==== RECORDS FOR THE EXERCISE

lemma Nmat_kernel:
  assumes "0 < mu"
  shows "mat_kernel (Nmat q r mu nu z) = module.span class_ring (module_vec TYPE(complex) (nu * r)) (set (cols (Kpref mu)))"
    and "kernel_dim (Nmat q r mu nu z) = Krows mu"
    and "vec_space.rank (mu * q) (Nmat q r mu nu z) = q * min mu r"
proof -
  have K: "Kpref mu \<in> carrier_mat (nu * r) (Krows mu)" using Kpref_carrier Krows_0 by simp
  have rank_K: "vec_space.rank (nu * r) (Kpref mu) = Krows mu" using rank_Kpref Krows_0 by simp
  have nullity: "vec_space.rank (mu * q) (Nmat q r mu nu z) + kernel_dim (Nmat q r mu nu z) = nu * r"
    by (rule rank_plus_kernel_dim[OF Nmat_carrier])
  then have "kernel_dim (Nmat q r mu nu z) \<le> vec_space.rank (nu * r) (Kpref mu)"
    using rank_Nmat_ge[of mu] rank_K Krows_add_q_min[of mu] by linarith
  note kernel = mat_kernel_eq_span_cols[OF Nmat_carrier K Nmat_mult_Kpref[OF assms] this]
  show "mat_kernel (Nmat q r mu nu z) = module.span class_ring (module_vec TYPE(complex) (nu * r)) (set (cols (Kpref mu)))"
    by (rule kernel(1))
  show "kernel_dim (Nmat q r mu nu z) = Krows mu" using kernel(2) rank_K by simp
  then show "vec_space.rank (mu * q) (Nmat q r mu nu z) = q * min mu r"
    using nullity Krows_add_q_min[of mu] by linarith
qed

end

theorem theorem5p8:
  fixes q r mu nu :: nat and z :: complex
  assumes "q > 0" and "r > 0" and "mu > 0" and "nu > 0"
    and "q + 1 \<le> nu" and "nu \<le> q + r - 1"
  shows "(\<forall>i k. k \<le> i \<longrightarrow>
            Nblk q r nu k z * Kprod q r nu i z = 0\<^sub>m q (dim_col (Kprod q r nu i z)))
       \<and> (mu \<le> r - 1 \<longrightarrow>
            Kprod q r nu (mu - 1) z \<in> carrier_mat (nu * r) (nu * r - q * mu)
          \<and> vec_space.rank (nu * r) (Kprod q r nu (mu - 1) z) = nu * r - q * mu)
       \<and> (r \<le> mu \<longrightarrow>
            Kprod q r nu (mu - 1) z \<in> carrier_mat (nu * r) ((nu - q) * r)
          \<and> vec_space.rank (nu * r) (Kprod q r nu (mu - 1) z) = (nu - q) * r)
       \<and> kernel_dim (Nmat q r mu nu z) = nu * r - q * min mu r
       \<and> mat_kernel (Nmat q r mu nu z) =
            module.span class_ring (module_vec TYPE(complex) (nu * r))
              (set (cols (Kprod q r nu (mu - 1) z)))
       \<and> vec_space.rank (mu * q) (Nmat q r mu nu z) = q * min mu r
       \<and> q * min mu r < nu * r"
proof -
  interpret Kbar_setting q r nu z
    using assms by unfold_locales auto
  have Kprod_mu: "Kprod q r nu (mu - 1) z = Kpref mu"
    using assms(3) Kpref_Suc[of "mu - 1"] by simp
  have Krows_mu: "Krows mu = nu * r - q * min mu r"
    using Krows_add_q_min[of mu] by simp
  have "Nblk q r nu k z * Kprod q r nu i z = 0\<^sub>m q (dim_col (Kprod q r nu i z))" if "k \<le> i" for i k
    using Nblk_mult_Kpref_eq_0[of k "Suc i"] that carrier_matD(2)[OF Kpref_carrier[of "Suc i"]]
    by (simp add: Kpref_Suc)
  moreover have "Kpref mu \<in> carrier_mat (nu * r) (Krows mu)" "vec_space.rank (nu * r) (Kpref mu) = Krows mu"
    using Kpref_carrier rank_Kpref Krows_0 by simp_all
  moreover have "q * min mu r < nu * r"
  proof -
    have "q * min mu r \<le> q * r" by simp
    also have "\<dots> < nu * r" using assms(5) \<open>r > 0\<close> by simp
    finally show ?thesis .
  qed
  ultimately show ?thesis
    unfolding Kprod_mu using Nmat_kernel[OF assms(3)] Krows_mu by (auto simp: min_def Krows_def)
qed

========

WHAT NEEDS TO BE DONE:
Your task is to retype, exactly and only, the lines from the one with "(nu * r - q * mu)" through the final line above.

TASK ANSWER:
            Kprod q r nu (mu - 1) z \<in> carrier_mat (nu * r) (nu * r - q * mu)
          \<and> vec_space.rank (nu * r) (Kprod q r nu (mu - 1) z) = nu * r - q * mu)
       \<and> (r \<le> mu \<longrightarrow>
            Kprod q r nu (mu - 1) z \<in> carrier_mat (nu * r) ((nu - q) * r)
          \<and> vec_space.rank (nu * r) (Kprod q r nu (mu - 1) z) = (nu - q) * r)
       \<and> kernel_dim (Nmat q r mu nu z) = nu * r - q * min mu r
       \<and> mat_kernel (Nmat q r mu nu z) =
            module.span class_ring (module_vec TYPE(complex) (nu * r))
              (set (cols (Kprod q r nu (mu - 1) z)))
       \<and> vec_space.rank (mu * q) (Nmat q r mu nu z) = q * min mu r
       \<and> q * min mu r < nu * r"
proof -
  interpret Kbar_setting q r nu z
    using assms by unfold_locales auto
  have Kprod_mu: "Kprod q r nu (mu - 1) z = Kpref mu"
    using assms(3) Kpref_Suc[of "mu - 1"] by simp
  have Krows_mu: "Krows mu = nu * r - q * min mu r"
    using Krows_add_q_min[of mu] by simp
  have "Nblk q r nu k z * Kprod q r nu i z = 0\<^sub>m q (dim_col (Kprod q r nu i z))" if "k \<le> i" for i k
    using Nblk_mult_Kpref_eq_0[of k "Suc i"] that carrier_matD(2)[OF Kpref_carrier[of "Suc i"]]
    by (simp add: Kpref_Suc)
  moreover have "Kpref mu \<in> carrier_mat (nu * r) (Krows mu)" "vec_space.rank (nu * r) (Kpref mu) = Krows mu"
    using Kpref_carrier rank_Kpref Krows_0 by simp_all
  moreover have "q * min mu r < nu * r"
  proof -
    have "q * min mu r \<le> q * r" by simp
    also have "\<dots> < nu * r" using assms(5) \<open>r > 0\<close> by simp
    finally show ?thesis .
  qed
  ultimately show ?thesis
    unfolding Kprod_mu using Nmat_kernel[OF assms(3)] Krows_mu by (auto simp: min_def Krows_def)
qed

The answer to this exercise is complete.